Work instruction: Keep only the lines that hold the string "lemma", filtering out the rest of the entries below.

Given information:
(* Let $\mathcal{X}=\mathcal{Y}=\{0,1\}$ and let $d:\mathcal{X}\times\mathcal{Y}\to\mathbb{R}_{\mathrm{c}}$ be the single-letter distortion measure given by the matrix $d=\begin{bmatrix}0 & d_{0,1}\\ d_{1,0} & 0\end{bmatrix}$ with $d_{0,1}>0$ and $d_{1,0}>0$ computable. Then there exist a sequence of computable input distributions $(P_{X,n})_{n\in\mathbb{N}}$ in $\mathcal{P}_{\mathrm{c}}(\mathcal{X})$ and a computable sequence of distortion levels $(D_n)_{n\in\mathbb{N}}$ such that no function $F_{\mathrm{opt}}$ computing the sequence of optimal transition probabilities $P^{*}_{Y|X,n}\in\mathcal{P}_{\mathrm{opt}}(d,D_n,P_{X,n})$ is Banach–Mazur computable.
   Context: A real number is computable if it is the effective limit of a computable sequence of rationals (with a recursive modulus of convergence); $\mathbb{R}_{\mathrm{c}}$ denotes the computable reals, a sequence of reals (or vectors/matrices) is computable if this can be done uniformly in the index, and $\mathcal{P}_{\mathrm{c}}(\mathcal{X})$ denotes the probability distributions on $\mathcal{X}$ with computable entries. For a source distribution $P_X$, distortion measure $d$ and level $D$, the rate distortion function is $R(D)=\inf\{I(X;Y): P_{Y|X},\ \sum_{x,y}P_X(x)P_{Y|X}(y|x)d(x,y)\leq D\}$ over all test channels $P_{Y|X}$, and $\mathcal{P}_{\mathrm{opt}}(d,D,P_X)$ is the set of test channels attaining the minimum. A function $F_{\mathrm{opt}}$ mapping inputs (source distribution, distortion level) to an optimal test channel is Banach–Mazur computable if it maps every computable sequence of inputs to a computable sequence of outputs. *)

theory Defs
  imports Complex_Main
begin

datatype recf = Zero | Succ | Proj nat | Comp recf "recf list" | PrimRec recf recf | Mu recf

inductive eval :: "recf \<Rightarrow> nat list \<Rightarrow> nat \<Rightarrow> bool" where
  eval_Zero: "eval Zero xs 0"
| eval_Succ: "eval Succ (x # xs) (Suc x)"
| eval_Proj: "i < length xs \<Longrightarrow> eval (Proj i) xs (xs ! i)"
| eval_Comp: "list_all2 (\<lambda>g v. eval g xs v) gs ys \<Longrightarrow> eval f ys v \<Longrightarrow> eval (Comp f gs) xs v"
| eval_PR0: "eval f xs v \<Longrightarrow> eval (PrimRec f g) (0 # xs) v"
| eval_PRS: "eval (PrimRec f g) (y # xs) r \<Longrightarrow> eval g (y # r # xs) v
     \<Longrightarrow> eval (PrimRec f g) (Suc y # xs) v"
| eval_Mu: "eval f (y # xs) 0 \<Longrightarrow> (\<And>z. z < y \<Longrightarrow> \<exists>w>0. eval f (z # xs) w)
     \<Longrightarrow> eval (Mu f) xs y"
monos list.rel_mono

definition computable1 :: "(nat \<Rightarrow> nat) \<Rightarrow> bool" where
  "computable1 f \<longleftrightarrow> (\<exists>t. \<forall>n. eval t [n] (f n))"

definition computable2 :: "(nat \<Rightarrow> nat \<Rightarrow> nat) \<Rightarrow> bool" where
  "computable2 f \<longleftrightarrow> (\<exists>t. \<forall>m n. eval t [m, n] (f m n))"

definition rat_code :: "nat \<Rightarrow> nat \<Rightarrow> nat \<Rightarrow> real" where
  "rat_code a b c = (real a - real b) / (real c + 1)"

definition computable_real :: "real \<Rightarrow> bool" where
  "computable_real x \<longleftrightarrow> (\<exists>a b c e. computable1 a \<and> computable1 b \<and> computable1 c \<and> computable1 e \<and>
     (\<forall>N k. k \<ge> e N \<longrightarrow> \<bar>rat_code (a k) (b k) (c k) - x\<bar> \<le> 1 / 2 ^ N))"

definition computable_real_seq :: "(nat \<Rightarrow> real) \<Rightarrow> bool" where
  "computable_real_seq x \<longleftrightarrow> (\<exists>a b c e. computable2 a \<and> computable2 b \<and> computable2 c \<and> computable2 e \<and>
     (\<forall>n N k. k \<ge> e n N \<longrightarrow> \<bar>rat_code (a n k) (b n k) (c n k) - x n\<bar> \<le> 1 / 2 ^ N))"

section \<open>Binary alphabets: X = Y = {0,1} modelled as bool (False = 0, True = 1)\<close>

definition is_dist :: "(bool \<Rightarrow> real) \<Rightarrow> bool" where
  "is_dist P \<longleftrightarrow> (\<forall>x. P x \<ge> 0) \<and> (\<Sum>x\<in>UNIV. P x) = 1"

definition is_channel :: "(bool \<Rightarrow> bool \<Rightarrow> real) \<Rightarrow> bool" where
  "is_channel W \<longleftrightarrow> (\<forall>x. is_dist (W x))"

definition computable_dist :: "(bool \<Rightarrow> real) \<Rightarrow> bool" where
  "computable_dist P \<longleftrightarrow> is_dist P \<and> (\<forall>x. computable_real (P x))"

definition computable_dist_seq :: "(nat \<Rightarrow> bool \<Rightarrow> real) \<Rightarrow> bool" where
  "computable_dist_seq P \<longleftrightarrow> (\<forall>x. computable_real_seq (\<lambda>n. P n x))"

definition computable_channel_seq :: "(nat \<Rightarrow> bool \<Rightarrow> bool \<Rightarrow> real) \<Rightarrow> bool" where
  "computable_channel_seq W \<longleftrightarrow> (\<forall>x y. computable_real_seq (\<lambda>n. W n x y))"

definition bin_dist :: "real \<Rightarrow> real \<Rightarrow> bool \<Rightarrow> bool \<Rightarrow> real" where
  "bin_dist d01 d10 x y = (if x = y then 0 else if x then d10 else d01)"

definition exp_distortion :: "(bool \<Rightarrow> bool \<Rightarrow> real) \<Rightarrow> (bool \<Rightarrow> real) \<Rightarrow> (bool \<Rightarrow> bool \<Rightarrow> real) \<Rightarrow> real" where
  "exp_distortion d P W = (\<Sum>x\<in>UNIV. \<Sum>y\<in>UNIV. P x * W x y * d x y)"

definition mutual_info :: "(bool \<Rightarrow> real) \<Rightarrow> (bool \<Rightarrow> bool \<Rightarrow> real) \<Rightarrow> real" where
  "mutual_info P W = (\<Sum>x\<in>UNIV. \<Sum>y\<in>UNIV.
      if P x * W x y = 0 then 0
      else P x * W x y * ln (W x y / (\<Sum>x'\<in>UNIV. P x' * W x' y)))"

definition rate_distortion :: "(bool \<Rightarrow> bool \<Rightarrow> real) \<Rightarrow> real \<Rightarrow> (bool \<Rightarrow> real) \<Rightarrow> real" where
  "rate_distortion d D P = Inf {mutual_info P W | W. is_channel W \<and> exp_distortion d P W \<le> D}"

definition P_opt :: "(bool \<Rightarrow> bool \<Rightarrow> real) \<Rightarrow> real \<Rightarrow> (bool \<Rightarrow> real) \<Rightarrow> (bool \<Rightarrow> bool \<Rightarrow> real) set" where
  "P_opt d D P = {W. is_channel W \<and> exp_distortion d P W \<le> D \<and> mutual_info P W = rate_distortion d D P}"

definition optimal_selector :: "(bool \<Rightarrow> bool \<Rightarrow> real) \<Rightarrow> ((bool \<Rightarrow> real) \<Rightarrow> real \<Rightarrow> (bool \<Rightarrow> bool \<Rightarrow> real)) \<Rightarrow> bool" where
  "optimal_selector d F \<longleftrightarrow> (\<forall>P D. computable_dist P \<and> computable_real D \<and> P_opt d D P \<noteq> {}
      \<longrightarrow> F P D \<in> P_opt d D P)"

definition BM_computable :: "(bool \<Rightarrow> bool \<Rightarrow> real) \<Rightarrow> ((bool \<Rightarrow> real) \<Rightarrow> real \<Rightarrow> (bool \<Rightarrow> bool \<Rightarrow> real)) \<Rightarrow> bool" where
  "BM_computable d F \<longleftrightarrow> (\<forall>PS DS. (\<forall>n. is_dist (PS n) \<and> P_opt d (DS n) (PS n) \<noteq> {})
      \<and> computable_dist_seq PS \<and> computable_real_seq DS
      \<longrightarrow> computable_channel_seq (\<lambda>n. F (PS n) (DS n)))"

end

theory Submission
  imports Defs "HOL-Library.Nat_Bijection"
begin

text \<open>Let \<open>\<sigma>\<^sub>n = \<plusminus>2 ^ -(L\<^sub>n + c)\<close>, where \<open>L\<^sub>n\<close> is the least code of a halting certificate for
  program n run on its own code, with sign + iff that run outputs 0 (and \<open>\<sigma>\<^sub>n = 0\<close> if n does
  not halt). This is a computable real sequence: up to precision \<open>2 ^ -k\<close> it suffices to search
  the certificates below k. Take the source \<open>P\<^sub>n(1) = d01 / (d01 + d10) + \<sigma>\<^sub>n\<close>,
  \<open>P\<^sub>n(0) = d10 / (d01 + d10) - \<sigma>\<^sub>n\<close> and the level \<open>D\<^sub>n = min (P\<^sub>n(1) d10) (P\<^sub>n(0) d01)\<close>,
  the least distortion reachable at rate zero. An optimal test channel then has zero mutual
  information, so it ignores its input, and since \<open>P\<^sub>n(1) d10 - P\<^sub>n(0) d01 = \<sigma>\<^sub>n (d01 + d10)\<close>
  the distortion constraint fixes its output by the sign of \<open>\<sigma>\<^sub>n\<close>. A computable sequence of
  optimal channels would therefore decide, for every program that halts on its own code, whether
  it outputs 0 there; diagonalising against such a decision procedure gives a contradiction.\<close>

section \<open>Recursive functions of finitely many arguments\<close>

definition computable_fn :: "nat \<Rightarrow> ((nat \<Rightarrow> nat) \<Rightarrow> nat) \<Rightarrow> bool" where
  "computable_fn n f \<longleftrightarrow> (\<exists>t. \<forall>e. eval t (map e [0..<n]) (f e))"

...

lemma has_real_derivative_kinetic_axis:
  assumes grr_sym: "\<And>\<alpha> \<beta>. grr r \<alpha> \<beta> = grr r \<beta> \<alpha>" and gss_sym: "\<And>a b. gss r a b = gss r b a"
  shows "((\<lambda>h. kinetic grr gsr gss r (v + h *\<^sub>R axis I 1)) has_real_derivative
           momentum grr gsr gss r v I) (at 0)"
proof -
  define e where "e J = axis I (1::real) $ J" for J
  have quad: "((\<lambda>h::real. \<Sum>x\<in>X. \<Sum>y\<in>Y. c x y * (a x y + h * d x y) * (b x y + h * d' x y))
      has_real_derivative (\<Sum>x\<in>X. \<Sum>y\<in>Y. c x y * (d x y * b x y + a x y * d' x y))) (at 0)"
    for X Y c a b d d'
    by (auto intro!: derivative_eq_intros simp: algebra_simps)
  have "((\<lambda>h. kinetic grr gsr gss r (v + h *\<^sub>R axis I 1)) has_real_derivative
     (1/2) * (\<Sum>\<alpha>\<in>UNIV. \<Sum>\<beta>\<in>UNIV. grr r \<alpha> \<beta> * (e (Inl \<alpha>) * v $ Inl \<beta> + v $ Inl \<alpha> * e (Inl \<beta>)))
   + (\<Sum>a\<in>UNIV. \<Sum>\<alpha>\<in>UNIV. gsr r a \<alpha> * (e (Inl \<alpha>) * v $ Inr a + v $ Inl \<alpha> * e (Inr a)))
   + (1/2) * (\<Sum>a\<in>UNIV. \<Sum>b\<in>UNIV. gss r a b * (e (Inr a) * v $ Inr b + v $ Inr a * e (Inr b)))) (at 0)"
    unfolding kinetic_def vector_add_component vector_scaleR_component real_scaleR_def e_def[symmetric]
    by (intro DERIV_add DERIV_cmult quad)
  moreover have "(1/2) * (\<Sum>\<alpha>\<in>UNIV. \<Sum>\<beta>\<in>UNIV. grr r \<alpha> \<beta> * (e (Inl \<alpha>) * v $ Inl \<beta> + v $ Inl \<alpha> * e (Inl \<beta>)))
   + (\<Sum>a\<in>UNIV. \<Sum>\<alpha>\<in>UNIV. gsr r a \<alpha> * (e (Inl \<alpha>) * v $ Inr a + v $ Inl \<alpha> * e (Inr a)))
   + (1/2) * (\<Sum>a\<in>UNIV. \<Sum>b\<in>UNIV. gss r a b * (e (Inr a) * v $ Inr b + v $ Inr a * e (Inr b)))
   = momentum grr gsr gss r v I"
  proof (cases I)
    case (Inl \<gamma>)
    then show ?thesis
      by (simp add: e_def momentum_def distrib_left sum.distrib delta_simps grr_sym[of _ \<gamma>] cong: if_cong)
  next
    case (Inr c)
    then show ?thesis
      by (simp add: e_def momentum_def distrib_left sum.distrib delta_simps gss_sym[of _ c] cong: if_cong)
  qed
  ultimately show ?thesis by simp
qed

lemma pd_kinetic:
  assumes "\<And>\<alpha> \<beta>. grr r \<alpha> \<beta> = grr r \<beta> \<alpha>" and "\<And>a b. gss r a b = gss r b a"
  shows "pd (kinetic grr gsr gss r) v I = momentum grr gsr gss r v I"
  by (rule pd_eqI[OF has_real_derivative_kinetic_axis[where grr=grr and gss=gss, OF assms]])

Solution to this exercise:
lemma has_real_derivative_kinetic_axis:
lemma pd_kinetic:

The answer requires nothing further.